Analyzing file metadata in the shell

Taking Stock

© Lead Image © Sebastian Duda, 123RF.com

© Lead Image © Sebastian Duda, 123RF.com

Author(s):

Armed with the right shell commands, you can quickly identify and evaluate file and directory metadata.

Imagine you have a directory with hundreds or even thousands of files (without uniform extensions) that you want to organize. Or maybe you want to know the last access date of a file for backup, forensics, or version management purposes.

Instead of tediously clicking your way through the files in a graphical file manager, a shell script with the test command can help identify filesystem objects as well as provide additional information about the files.

Determining File Type

The file command provides information about a file's contents (Figure 1).
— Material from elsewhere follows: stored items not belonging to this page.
(* Suppose Assumption (A3) of the context holds, and let $\{\sigma_k\},\{z_k\}$ be generated by Algorithm RiAL-RGD, with $\mathcal{L}_k(x)=f(x)+M_{h/\sigma_k}(\mathcal{A}(x)+z_k/\sigma_k)$ and $\Phi^*:=\inf_{x\in\mathcal{M}}\Phi(x)$. Then for every $x\in\mathcal{M}$ and $k\ge1$: $$\mathcal{L}_k(x)\ge\Phi^*-\frac{2L_h^2}{\sigma_1},\qquad \mathcal{L}_k(x)\le\Phi(x)+\frac{L_h^2}{\sigma_k},\qquad \mathcal{L}_{k+1}(x)\le\mathcal{L}_k(x)+\frac{2L_h^2}{\sigma_k}.$$
   Context: Setting. $\mathcal{E}_1,\mathcal{E}_2$ are finite-dimensional Euclidean spaces with inner product $\langle\cdot,\cdot\rangle$ and norm $\|\cdot\|$. $\mathcal{M}\subseteq\mathcal{E}_1$ is an embedded Riemannian submanifold with induced metric; $\mathrm{grad}\,g(x)=\mathrm{proj}_{\mathrm{T}_x\mathcal{M}}(\nabla g(x))$. A retraction $\mathrm{R}_x:\mathrm{T}_x\mathcal{M}\to\mathcal{M}$ (smooth, globally defined, $\mathrm{R}_x(0)=x$, $\frac{d}{dt}\mathrm{R}_x(tv)|_{t=0}=v$) is fixed. $f:\mathcal{E}_1\to\mathbb{R}$ is $C^1$, $\mathcal{A}:\mathcal{E}_1\to\mathcal{E}_2$ smooth with Jacobian $\nabla\mathcal{A}$, $h:\mathcal{E}_2\to\mathbb{R}$ convex; $\Phi(x)=f(x)+h(\mathcal{A}(x))$. For $\lambda>0$, $\mathrm{prox}_{\lambda h}(w)=\arg\min_u\{h(u)+\frac1{2\lambda}\|u-w\|^2\}$, $M_{\lambda h}(w)=\min_u\{h(u)+\frac1{2\lambda}\|u-w\|^2\}$. Algorithm RiAL-RGD: input $x_1\in\mathcal{M}$, $y_1=z_1=0$, $\varepsilon_1,\sigma_1>0$, $b>1$. For $k=1,2,\dots$: with $\mathcal{L}_k$ as in the claim, run $x_{k,1}=x_k$, $x_{k,t+1}=\mathrm{R}_{x_{k,t}}(-\zeta_{k,t}\mathrm{grad}\,\mathcal{L}_k(x_{k,t}))$ (stepsizes $\zeta_{k,t}>0$) until $\|\mathrm{grad}\,\mathcal{L}_k(x_{k,t_k})\|\le\varepsilon_k$; set $x_{k+1}=x_{k,t_k}$, $y_{k+1}=\mathrm{prox}_{h/\sigma_k}(\mathcal{A}(x_{k+1})+z_k/\sigma_k)$, $z_{k+1}=z_k+\sigma_k(\mathcal{A}(x_{k+1})-y_{k+1})$, $\sigma_{k+1}=b\sigma_k$, $\varepsilon_{k+1}=\varepsilon_k/b$. Assumption (A3): (i) $f(x')\le f(x)+\langle\nabla f(x),x'-x\rangle+\frac{L_f}{2}\|x'-x\|^2$ for all $x,x'\in\mathcal{M}$, and $|h(w)-h(w')|\le L_h\|w-w'\|$ for all $w,w'\in\mathcal{E}_2$; (ii) $\mathcal{A}$ is $L^0_{\mathcal{A}}$-Lipschitz and $\nabla\mathcal{A}$ is $L^1_{\mathcal{A}}$-Lipschitz on $\mathrm{conv}\,\mathcal{M}$; (iii) $\rho_{\mathcal{A}}:=\max_{x\in\mathrm{conv}\,\mathcal{M}}\|\nabla\mathcal{A}(x)\|<+\infty$. *)

theory Defs
  imports "HOL-Analysis.Analysis"
begin

text \<open>Tangent space of a subset M of a Euclidean space at x: velocities at 0 of
  differentiable curves lying in M (for an embedded submanifold this is T_x M).\<close>
definition tangent_space :: "'a::euclidean_space set \<Rightarrow> 'a \<Rightarrow> 'a set" where
  "tangent_space M x = {v. \<exists>\<gamma> e. e > 0 \<and> \<gamma> 0 = x \<and> \<gamma> ` {-e<..<e} \<subseteq> M \<and>
      (\<gamma> has_vector_derivative v) (at 0)}"

text \<open>Embedded (C^1) submanifold: locally the zero set of a C^1 submersion onto a
  fixed linear subspace W (local defining function).\<close>
definition embedded_submanifold :: "'a::euclidean_space set \<Rightarrow> bool" where
  "embedded_submanifold M \<longleftrightarrow>
    (\<forall>x\<in>M. \<exists>U (F :: 'a \<Rightarrow> 'a) DF W. open U \<and> x \<in> U \<and> subspace W \<and>
       (\<forall>y\<in>U. (F has_derivative blinfun_apply (DF y)) (at y) \<and> F y \<in> W \<and>
               range (blinfun_apply (DF y)) = W) \<and>
       continuous_on U DF \<and> M \<inter> U = {y\<in>U. F y = 0})"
Because it tests for patterns in the content, file cannot be misled by file extensions (Figure 2).

Figure 1: By adding the -i option, file determines that a file is a plain text file.
Figure 2: file reliably identifies files whose extensions do not match the actual content.

file gets its pattern information from the magic file /usr/share/misc/magic.mgc. For special cases, you can create your own magic file and pass it in to file by calling it with the option -m <filename>. If you are particularly interested in MIME files, use the --mime-type option.

You can even access and evaluate device files with file. Additionally, it also outputs the major and minor numbers (Figure 3) – the major number specifies the kernel's device driver, while the minor number specifies the individual device managed by the device driver.

Figure 3: If you call up the information for a device file, file shows the major and minor numbers if possible.

Given the appropriate privileges, you can obtain information about the filesystem (Figure 4). To do so, use the -s <device file> option. If you only enter the device for the hard disk without the partition number, the output contains block size details, among other things.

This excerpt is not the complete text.